→ **Goal of the exercise**
Return verbatim every line from the first line of the data below to the line that contains "(du eps has_vector_derivative", inclusive, and no further.

→ **Listed records**
--- START ---

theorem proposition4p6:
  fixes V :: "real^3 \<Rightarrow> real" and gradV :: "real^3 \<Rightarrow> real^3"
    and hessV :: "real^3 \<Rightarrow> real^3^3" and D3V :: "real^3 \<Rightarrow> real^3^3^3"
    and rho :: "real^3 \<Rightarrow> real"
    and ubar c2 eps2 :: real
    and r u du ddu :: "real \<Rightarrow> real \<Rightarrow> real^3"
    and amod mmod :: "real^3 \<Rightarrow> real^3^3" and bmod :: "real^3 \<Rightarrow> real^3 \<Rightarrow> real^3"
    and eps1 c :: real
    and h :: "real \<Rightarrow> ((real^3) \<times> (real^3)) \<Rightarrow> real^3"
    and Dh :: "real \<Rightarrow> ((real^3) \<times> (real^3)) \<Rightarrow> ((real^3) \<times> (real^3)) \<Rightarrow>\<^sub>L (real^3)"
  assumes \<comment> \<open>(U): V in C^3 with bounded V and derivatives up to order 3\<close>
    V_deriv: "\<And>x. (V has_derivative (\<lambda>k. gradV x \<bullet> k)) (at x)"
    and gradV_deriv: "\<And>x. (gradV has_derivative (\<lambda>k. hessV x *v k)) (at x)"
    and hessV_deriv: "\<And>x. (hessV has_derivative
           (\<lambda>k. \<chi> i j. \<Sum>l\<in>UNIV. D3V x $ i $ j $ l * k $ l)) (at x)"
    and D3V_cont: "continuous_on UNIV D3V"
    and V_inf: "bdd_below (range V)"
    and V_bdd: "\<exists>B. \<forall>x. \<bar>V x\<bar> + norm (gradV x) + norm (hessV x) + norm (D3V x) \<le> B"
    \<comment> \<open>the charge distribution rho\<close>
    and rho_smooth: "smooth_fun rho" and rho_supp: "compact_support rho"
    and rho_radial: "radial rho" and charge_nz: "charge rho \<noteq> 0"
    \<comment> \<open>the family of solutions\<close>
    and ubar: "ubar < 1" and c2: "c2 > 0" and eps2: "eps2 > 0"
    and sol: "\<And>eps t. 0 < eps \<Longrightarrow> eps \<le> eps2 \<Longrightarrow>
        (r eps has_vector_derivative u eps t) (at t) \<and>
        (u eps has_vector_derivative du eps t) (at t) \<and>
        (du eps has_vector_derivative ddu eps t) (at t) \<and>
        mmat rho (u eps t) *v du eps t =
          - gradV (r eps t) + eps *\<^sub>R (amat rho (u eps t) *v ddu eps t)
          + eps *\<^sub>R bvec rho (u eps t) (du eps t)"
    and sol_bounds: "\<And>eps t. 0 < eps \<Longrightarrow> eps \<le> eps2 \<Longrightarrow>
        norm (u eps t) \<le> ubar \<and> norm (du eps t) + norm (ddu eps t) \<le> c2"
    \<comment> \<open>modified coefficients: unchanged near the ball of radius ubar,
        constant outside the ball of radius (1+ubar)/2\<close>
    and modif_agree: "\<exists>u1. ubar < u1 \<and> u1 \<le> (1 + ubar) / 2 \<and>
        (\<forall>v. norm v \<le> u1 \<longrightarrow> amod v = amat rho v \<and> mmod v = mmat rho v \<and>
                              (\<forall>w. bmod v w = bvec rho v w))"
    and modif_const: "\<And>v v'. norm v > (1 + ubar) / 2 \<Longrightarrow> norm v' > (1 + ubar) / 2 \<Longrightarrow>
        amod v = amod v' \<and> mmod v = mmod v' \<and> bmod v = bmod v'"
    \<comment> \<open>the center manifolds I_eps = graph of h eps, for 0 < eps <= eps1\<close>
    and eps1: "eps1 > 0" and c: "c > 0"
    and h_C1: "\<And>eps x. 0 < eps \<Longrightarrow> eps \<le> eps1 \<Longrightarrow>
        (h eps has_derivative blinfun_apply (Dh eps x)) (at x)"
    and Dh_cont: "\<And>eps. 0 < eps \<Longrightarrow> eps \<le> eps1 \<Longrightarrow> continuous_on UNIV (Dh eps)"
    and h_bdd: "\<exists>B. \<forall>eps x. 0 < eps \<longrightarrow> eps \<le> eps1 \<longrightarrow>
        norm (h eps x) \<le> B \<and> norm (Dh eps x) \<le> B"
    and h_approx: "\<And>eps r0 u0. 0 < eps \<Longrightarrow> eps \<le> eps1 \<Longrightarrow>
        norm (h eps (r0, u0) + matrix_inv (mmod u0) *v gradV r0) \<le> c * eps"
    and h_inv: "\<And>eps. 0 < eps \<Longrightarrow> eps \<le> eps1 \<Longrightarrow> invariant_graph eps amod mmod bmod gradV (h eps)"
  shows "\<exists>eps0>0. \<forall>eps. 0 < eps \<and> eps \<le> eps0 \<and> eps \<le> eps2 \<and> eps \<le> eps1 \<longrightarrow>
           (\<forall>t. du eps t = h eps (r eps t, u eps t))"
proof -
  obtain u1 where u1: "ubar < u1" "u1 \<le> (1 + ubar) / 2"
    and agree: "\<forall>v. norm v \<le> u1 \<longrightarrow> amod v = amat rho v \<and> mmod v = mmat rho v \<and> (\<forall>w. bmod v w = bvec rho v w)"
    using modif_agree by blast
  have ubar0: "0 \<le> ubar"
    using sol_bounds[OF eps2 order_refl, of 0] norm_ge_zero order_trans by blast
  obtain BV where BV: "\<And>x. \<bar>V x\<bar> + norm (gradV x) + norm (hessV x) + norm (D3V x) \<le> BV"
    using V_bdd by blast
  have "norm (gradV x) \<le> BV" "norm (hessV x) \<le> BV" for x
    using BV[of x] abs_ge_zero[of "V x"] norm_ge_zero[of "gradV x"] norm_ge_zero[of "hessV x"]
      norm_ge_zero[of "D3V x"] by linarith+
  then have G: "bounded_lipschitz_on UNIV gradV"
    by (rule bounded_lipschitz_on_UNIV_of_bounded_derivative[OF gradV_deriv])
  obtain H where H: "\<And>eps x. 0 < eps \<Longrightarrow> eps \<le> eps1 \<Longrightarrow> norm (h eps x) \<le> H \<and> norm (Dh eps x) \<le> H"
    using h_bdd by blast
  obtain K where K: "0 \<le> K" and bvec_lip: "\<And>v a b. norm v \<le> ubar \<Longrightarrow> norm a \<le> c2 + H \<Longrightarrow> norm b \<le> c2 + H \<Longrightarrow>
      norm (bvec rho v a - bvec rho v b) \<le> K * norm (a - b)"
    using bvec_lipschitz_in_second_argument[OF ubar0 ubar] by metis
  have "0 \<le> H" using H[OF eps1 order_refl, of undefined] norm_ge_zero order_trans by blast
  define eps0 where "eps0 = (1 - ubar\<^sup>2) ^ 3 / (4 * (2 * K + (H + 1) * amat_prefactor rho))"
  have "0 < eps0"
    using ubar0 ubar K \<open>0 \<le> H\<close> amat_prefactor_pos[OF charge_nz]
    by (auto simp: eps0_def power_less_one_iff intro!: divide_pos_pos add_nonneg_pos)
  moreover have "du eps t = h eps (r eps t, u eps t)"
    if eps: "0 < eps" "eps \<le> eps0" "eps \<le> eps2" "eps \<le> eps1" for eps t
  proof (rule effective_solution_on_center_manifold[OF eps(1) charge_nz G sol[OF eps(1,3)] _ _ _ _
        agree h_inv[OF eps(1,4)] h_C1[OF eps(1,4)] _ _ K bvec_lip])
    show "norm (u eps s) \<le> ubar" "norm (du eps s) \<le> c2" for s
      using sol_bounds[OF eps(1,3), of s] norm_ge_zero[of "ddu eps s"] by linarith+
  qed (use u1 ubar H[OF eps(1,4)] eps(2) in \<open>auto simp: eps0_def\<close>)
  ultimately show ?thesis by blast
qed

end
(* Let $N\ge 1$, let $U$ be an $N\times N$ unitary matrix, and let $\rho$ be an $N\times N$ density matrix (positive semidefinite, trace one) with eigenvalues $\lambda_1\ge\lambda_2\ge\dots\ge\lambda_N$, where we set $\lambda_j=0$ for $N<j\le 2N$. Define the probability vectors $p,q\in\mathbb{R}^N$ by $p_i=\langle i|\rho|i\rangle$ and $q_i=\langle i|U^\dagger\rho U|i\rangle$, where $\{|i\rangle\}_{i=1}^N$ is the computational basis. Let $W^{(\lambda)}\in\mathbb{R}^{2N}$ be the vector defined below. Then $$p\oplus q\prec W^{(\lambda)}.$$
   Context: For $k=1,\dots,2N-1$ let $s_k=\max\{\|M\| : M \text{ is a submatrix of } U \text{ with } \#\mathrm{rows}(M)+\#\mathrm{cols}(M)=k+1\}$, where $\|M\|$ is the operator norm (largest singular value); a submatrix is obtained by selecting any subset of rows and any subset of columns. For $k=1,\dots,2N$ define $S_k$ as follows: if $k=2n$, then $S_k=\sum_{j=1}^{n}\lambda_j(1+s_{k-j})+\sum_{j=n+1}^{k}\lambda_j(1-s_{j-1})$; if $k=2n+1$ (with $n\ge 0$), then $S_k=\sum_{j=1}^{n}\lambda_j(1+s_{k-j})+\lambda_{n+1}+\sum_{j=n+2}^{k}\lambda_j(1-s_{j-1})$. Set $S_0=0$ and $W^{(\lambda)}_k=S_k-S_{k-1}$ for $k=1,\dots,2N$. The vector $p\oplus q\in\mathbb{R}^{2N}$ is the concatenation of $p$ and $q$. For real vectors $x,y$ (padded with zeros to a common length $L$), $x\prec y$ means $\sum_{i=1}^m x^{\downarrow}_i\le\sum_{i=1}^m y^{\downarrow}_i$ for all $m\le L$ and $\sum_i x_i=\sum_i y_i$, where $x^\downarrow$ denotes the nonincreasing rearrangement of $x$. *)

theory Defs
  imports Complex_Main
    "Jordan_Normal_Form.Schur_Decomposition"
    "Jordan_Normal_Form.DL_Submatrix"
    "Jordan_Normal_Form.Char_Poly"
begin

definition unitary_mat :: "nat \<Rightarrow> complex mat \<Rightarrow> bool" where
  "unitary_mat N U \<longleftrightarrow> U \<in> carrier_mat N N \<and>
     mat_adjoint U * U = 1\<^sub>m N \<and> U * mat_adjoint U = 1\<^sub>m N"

--- END ---

→ **Response to the task**
theorem proposition4p6:
  fixes V :: "real^3 \<Rightarrow> real" and gradV :: "real^3 \<Rightarrow> real^3"
    and hessV :: "real^3 \<Rightarrow> real^3^3" and D3V :: "real^3 \<Rightarrow> real^3^3^3"
    and rho :: "real^3 \<Rightarrow> real"
    and ubar c2 eps2 :: real
    and r u du ddu :: "real \<Rightarrow> real \<Rightarrow> real^3"
    and amod mmod :: "real^3 \<Rightarrow> real^3^3" and bmod :: "real^3 \<Rightarrow> real^3 \<Rightarrow> real^3"
    and eps1 c :: real
    and h :: "real \<Rightarrow> ((real^3) \<times> (real^3)) \<Rightarrow> real^3"
    and Dh :: "real \<Rightarrow> ((real^3) \<times> (real^3)) \<Rightarrow> ((real^3) \<times> (real^3)) \<Rightarrow>\<^sub>L (real^3)"
  assumes \<comment> \<open>(U): V in C^3 with bounded V and derivatives up to order 3\<close>
    V_deriv: "\<And>x. (V has_derivative (\<lambda>k. gradV x \<bullet> k)) (at x)"
    and gradV_deriv: "\<And>x. (gradV has_derivative (\<lambda>k. hessV x *v k)) (at x)"
    and hessV_deriv: "\<And>x. (hessV has_derivative
           (\<lambda>k. \<chi> i j. \<Sum>l\<in>UNIV. D3V x $ i $ j $ l * k $ l)) (at x)"
    and D3V_cont: "continuous_on UNIV D3V"
    and V_inf: "bdd_below (range V)"
    and V_bdd: "\<exists>B. \<forall>x. \<bar>V x\<bar> + norm (gradV x) + norm (hessV x) + norm (D3V x) \<le> B"
    \<comment> \<open>the charge distribution rho\<close>
    and rho_smooth: "smooth_fun rho" and rho_supp: "compact_support rho"
    and rho_radial: "radial rho" and charge_nz: "charge rho \<noteq> 0"
    \<comment> \<open>the family of solutions\<close>
    and ubar: "ubar < 1" and c2: "c2 > 0" and eps2: "eps2 > 0"
    and sol: "\<And>eps t. 0 < eps \<Longrightarrow> eps \<le> eps2 \<Longrightarrow>
        (r eps has_vector_derivative u eps t) (at t) \<and>
        (u eps has_vector_derivative du eps t) (at t) \<and>
        (du eps has_vector_derivative ddu eps t) (at t) \<and>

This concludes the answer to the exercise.